Ask students to order the texts according to the sizes of the objects and phenomena featured. After students discuss and agree upon relative sizes, facilitate analysis of each item using the Library’s Primary Source Analysis Tool:
- What tools might a scientist have needed to study the object or phenomenon shown?
- What clues, if any, does each document provide about size and scale?
Next, provide each student with bibliographic information about an item in the set. Support students in consulting secondary sources about the author and history of the scientific ideas in their document. Students might uncover stories about new ways of seeing—in terms of both tools and paradigms—and scientifically describing phenomena. Create opportunities for students to share and compare their findings.
Facilitate further student investigations:
- What tools and methods do scientists use today to study things large or small?
- What are the actual sizes—in terms of distance, mass, or time—of the things or events shown in each primary source? And across each document, how do these sizes compare?
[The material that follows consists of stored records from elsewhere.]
lemma Flim_pointwise_hoelder:
  assumes "x \<in> {0..1}" "0 \<le> \<gamma>" "0 < C"
    and stretch: "\<And>n. chord_stretch lam n (cell x n) \<le> C * (snd (cell x n) - fst (cell x n)) powr (-\<gamma>)"
    and "y \<in> {0..1}"
  shows "\<bar>Flim lam y - Flim lam x\<bar> \<le> hoelder_const * C * \<bar>y - x\<bar> powr (1 - \<gamma>)"
proof (cases "y = x")
  case False
  define r where "r = \<bar>y - x\<bar>"
  obtain n where n: "y \<in> {fst (cell x n)..snd (cell x n)}"
    "y \<notin> {fst (cell x (Suc n))..snd (cell x (Suc n))}"
    using separating_level[OF assms(1,5) False] by blast
  have r: "0 < r" "r \<le> snd (cell x n) - fst (cell x n)"
    using False n(1) cell_contains[OF assms(1), of n] unfolding r_def by auto
  have "chord_stretch lam n (cell x n) \<le> C * (snd (cell x n) - fst (cell x n)) powr (-\<gamma>)"
    by (rule stretch)
  also have "\<dots> \<le> C * r powr (-\<gamma>)"
    using r assms(2,3) by (intro mult_left_mono powr_mono2') auto
  finally have "chord_stretch lam n (cell x n) * r \<le> C * r powr (-\<gamma>) * r"
    using r by (intro mult_right_mono) auto
  also have "\<dots> = C * r powr (1 - \<gamma>)"
    using r by (simp add: powr_diff powr_minus field_simps)
  finally have "hoelder_const * chord_stretch lam n (cell x n) * r \<le> hoelder_const * C * r powr (1 - \<gamma>)"
    using hoelder_const_pos by (simp add: mult.assoc mult_left_mono)
  with Flim_increment_separating_cell[OF assms(1) n] show ?thesis
    unfolding r_def by simp
qed simp

end

section \<open>No exponent above 1\<close>

lemma power_second_difference_le:
  fixes t1 t2 t3 l :: real
  assumes "t2 = (t1 + t3)/2" "\<bar>t1\<bar> \<le> l" "\<bar>t2\<bar> \<le> l" "\<bar>t3\<bar> \<le> l" "l \<le> 1"
  shows "\<bar>t1 ^ i + t3 ^ i - 2 * t2 ^ i\<bar> \<le> 4 * l\<^sup>2"
proof -
  have "0 \<le> l" using assms by linarith
  consider "i = 0" | "i = 1" | "2 \<le> i" by linarith
  then show ?thesis
  proof cases
    case 2
    have "t1 + t3 - 2 * t2 = 0" using assms(1) by simp
    with 2 show ?thesis by simp
  next
    case 3
    have small: "\<bar>t ^ i\<bar> \<le> l\<^sup>2" if "\<bar>t\<bar> \<le> l" for t :: real
      using power_mono[OF that, of i] power_decreasing[OF 3 \<open>0 \<le> l\<close> assms(5)]
      by (simp add: power_abs)
    show ?thesis
      using small[OF assms(2)] small[OF assms(3)] small[OF assms(4)] by linarith
  qed simp
qed

lemma abs_second_difference_le:
  fixes f1 f2 f3 q1 q2 q3 :: real
  shows "\<bar>f1 + f3 - 2 * f2\<bar> \<le> \<bar>f1 - q1\<bar> + \<bar>f3 - q3\<bar> + 2 * \<bar>f2 - q2\<bar> + \<bar>q1 + q3 - 2 * q2\<bar>"
proof -
  have "\<bar>u1 + u3 - 2 * u2 + w\<bar> \<le> \<bar>u1\<bar> + \<bar>u3\<bar> + 2 * \<bar>u2\<bar> + \<bar>w\<bar>" for u1 u2 u3 w :: real
    by arith
  from this[of "f1 - q1" "f3 - q3" "f2 - q2" "q1 + q3 - 2 * q2"] show ?thesis
    by (simp add: algebra_simps)
qed

lemma poly_second_difference_le:
  fixes t1 t2 t3 l :: real
  assumes "t2 = (t1 + t3)/2" "\<bar>t1\<bar> \<le> l" "\<bar>t2\<bar> \<le> l" "\<bar>t3\<bar> \<le> l" "l \<le> 1"
  shows "\<bar>poly P t1 + poly P t3 - 2 * poly P t2\<bar> \<le> 4 * (\<Sum>i\<le>degree P. \<bar>coeff P i\<bar>) * l\<^sup>2"
proof -
  have "poly P t1 + poly P t3 - 2 * poly P t2 = (\<Sum>i\<le>degree P. coeff P i * (t1 ^ i + t3 ^ i - 2 * t2 ^ i))"
    unfolding poly_altdef by (simp add: algebra_simps sum.distrib sum_subtractf sum_distrib_left)
  also have "\<bar>\<dots>\<bar> \<le> (\<Sum>i\<le>degree P. \<bar>coeff P i\<bar> * (4 * l\<^sup>2))"
    unfolding abs_mult using power_second_difference_le[OF assms]
    by (intro order.trans[OF sum_abs] sum_mono) (simp add: abs_mult mult_left_mono)
  finally show ?thesis by (simp add: sum_distrib_right[symmetric] mult_ac)
qed

context admissible_lambda
begin

lemma Flim_second_difference:
  assumes "(a, b) \<in> set (gen n)"
  shows "Flim lam (a + (b-a)/3) + Flim lam (b - (b-a)/3) - 2 * Flim lam (a + (b-a)/2)
    = - 2 * lam * (b - a) * chord_stretch lam n (a, b)"
proof -
  have "(a, a + (b-a)/3) \<in> set (gen (Suc n))" "(a + (b-a)/2, b - (b-a)/3) \<in> set (gen (Suc n))"
    using assms by (auto simp: mem_gen_Suc split4_eq intro!: bexI[where x = "(a, b)"])
  then have "Flim lam (a + (b-a)/3) = Fn lam (Suc n) (a + (b-a)/3)"
    "Flim lam (a + (b-a)/2) = Fn lam (Suc n) (a + (b-a)/2)"
    "Flim lam (b - (b-a)/3) = Fn lam (Suc n) (b - (b-a)/3)"
    using Flim_endpoint by auto
  then show ?thesis
    using Fn_Suc_at_nodes[OF assms, of lam] by (simp add: field_simps)
qed

lemma cell_second_difference_bound:
  assumes x: "x \<in> {0..1}" and "0 \<le> \<alpha>"
    and hoelder: "\<forall>y\<in>{0..1}. \<bar>y - x\<bar> < \<delta> \<longrightarrow> \<bar>Flim lam y - poly P (y - x)\<bar> \<le> C * \<bar>y - x\<bar> powr \<alpha>"
    and small: "snd (cell x n) - fst (cell x n) < \<delta>"
  defines "l \<equiv> snd (cell x n) - fst (cell x n)"
  shows "2 * lam * l \<le> 4 * \<bar>C\<bar> * l powr \<alpha> + 4 * (\<Sum>i\<le>degree P. \<bar>coeff P i\<bar>) * l\<^sup>2"
proof -
  obtain a b where ab: "cell x n = (a, b)" by force
  have G: "(a, b) \<in> set (gen n)" "a < b" "0 \<le> a" "b \<le> 1"
    using cell_in_gen[of x n] gen_interval[of "(a, b)" n] ab by auto
  have "a \<le> x" "x \<le> b" using cell_contains[OF x, of n] ab by auto
  then have near: "\<bar>p - x\<bar> \<le> l" if "p \<in> {a..b}" for p
    using that ab unfolding l_def by auto
  have l1: "l \<le> 1" using G ab unfolding l_def by simp
  have err: "\<bar>Flim lam p - poly P (p - x)\<bar> \<le> \<bar>C\<bar> * l powr \<alpha>" if "p \<in> {a..b}" for p
  proof -
    have "\<bar>Flim lam p - poly P (p - x)\<bar> \<le> C * \<bar>p - x\<bar> powr \<alpha>"
      using hoelder near[OF that] small G that unfolding l_def by auto
    also have "\<dots> \<le> \<bar>C\<bar> * l powr \<alpha>"
      using near[OF that] assms(2) by (intro mult_mono powr_mono2) auto
    finally show ?thesis .
  qed
  define p1 p2 p3 where "p1 = a + (b-a)/3" and "p2 = a + (b-a)/2" and "p3 = b - (b-a)/3"
  have p: "p1 \<in> {a..b}" "p2 \<in> {a..b}" "p3 \<in> {a..b}" "p2 - x = ((p1 - x) + (p3 - x))/2"
    using G unfolding p1_def p2_def p3_def by (auto simp: field_simps)
  have "2 * lam * l \<le> 2 * lam * l * chord_stretch lam n (a, b)"
    using chord_stretch_ge_1[of lam n "(a, b)"] lam_gt G ab unfolding l_def by simp
  also have "\<dots> = \<bar>Flim lam p1 + Flim lam p3 - 2 * Flim lam p2\<bar>"
    using Flim_second_difference[OF G(1)] chord_stretch_ge_1[of lam n "(a, b)"] lam_gt G ab
    unfolding p1_def p2_def p3_def l_def by simp
  also have "\<dots> \<le> \<bar>Flim lam p1 - poly P (p1 - x)\<bar> + \<bar>Flim lam p3 - poly P (p3 - x)\<bar>
      + 2 * \<bar>Flim lam p2 - poly P (p2 - x)\<bar> + \<bar>poly P (p1 - x) + poly P (p3 - x) - 2 * poly P (p2 - x)\<bar>"
    by (rule abs_second_difference_le)
  also have "\<dots> \<le> 4 * \<bar>C\<bar> * l powr \<alpha> + 4 * (\<Sum>i\<le>degree P. \<bar>coeff P i\<bar>) * l\<^sup>2"
    using err[OF p(1)] err[OF p(2)] err[OF p(3)]
      poly_second_difference_le[OF p(4) near[OF p(1)] near[OF p(2)] near[OF p(3)] l1, of P]
    by linarith
  finally show ?thesis .
qed

lemma not_pw_hoelder_gt_1:
  assumes x: "x \<in> {0..1}" and "1 < \<alpha>"
  shows "\<not> pw_hoelder {0..1} (Flim lam) x \<alpha>"
proof
  assume "pw_hoelder {0..1} (Flim lam) x \<alpha>"
  then obtain P :: "real poly" and C \<delta> where "\<delta> > 0"
    and hoelder: "\<forall>y\<in>{0..1}. \<bar>y - x\<bar> < \<delta> \<longrightarrow> \<bar>Flim lam y - poly P (y - x)\<bar> \<le> C * \<bar>y - x\<bar> powr \<alpha>"
    unfolding pw_hoelder_def by blast
  define A where "A = (\<Sum>i\<le>degree P. \<bar>coeff P i\<bar>)"
  define l where "l n = snd (cell x n) - fst (cell x n)" for n
  have l_pos: "0 < l n" for n
    using gen_interval[OF cell_in_gen[of x n]] unfolding l_def by simp
  have "l \<longlonglongrightarrow> 0"
  proof (rule tendsto_sandwich[of "\<lambda>_. 0" _ _ "\<lambda>n. (1/3) ^ n"])
    show "\<forall>\<^sub>F n in sequentially. 0 \<le> l n" using l_pos by (simp add: less_imp_le)
    show "\<forall>\<^sub>F n in sequentially. l n \<le> (1/3) ^ n"
      using gen_length_le[OF cell_in_gen] by (simp add: l_def)
  qed (auto intro: LIMSEQ_power_zero)
  moreover from this have "(\<lambda>n. l n powr (\<alpha> - 1)) \<longlonglongrightarrow> 0"
    by (rule tendsto_zero_powrI[OF _ tendsto_const]) (use \<open>1 < \<alpha>\<close> l_pos in \<open>auto simp: less_imp_le\<close>)
  ultimately have bound_lim: "(\<lambda>n. 4 * \<bar>C\<bar> * l n powr (\<alpha> - 1) + 4 * A * l n) \<longlonglongrightarrow> 4 * \<bar>C\<bar> * 0 + 4 * A * 0"
    by (intro tendsto_add tendsto_mult tendsto_const)
  have "\<forall>\<^sub>F n in sequentially. 2 * lam \<le> 4 * \<bar>C\<bar> * l n powr (\<alpha> - 1) + 4 * A * l n"
    using order_tendstoD(2)[OF \<open>l \<longlonglongrightarrow> 0\<close> \<open>\<delta> > 0\<close>]
  proof eventually_elim
    case (elim n)
    have "2 * lam * l n \<le> 4 * \<bar>C\<bar> * l n powr \<alpha> + 4 * A * (l n)\<^sup>2"
      using cell_second_difference_bound[OF x _ hoelder, of n] elim \<open>1 < \<alpha>\<close>
      unfolding A_def l_def by simp
    also have "\<dots> = l n * (4 * \<bar>C\<bar> * l n powr (\<alpha> - 1) + 4 * A * l n)"
      using l_pos[of n] by (simp add: powr_diff power2_eq_square field_simps)
    finally show ?case using l_pos[of n] by simp
  qed
  from tendsto_lowerbound[OF bound_lim this] have "2 * lam \<le> 0" by simp
  then show False using lam_gt by simp
qed

end

section \<open>Slopes along the orbit\<close>

lemma linear_growth_bound:
  fixes s :: "nat \<Rightarrow> real"
  assumes "(\<lambda>n. s n / real n) \<longlonglongrightarrow> E" "0 < \<epsilon>"
  obtains C where "\<And>n. \<bar>s n - E * real n\<bar> \<le> \<epsilon> * real n + C"
proof -
  obtain N where N: "\<And>n. N \<le> n \<Longrightarrow> \<bar>s n / real n - E\<bar> < \<epsilon>"
    using tendstoD[OF assms] unfolding eventually_sequentially dist_real_def by blast
  define C where "C = Max ((\<lambda>n. \<bar>s n - E * real n\<bar>) ` {..N})"
  have C: "\<bar>s n - E * real n\<bar> \<le> C" if "n \<le> N" for n
    unfolding C_def using that by (intro Max_ge) auto
  have "\<bar>s n - E * real n\<bar> \<le> \<epsilon> * real n + C" for n
  proof (cases "n \<le> N")
    case True
    moreover have "0 \<le> \<epsilon> * real n" using assms(2) by simp
    ultimately show ?thesis using C[of n] by linarith
  next
    case False
    then have "0 < real n" by simp
    then have "\<bar>s n - E * real n\<bar> = real n * \<bar>s n / real n - E\<bar>"
      by (simp add: abs_mult_pos' field_simps)
    also have "\<dots> \<le> \<epsilon> * real n" using N[of n] False \<open>0 < real n\<close> by simp
    finally show ?thesis using C[of 0] by simp
  qed
  then show ?thesis by (rule that)
qed

lemma betacount_Suc: "betacount i x (Suc n) = betacount i x n + (if udig n x = i then 1 else 0)"
proof -
  have "{k. k < Suc n \<and> udig k x = i}
      = (if udig n x = i then insert n {k. k < n \<and> udig k x = i} else {k. k < n \<and> udig k x = i})"
    by (auto simp: less_Suc_eq)
  then show ?thesis unfolding betacount_def by (simp add: card_insert_disjoint)
qed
Scientific texts often make visible objects and phenomena that are otherwise difficult to see or understand. Each item in this set is a two-dimensional model that may simultaneously reveal and disguise differences in size, speed, and proportion. Compare the geological map of the U.S. showing rock layers that formed over hundreds of millions of years with Eadweard Muybridge’s photographs of animal motion captured at fractions of a second. Both documents can be held in human hands but depict changes over time that cannot be directly observed by humans.
- How do scientific models convey senses of time?
- What misconceptions about time might scientific documents reinforce?
- What other kinds of models do scientists create? Why are other models useful?
Beyond the dimensions of the objects and phenomena depicted, there is something powerful about studying scientific texts that have historical significance and that reveal how human thinking has changed over time.
What other scientific primary sources, both historical and modern, might students explore alongside the items in this set?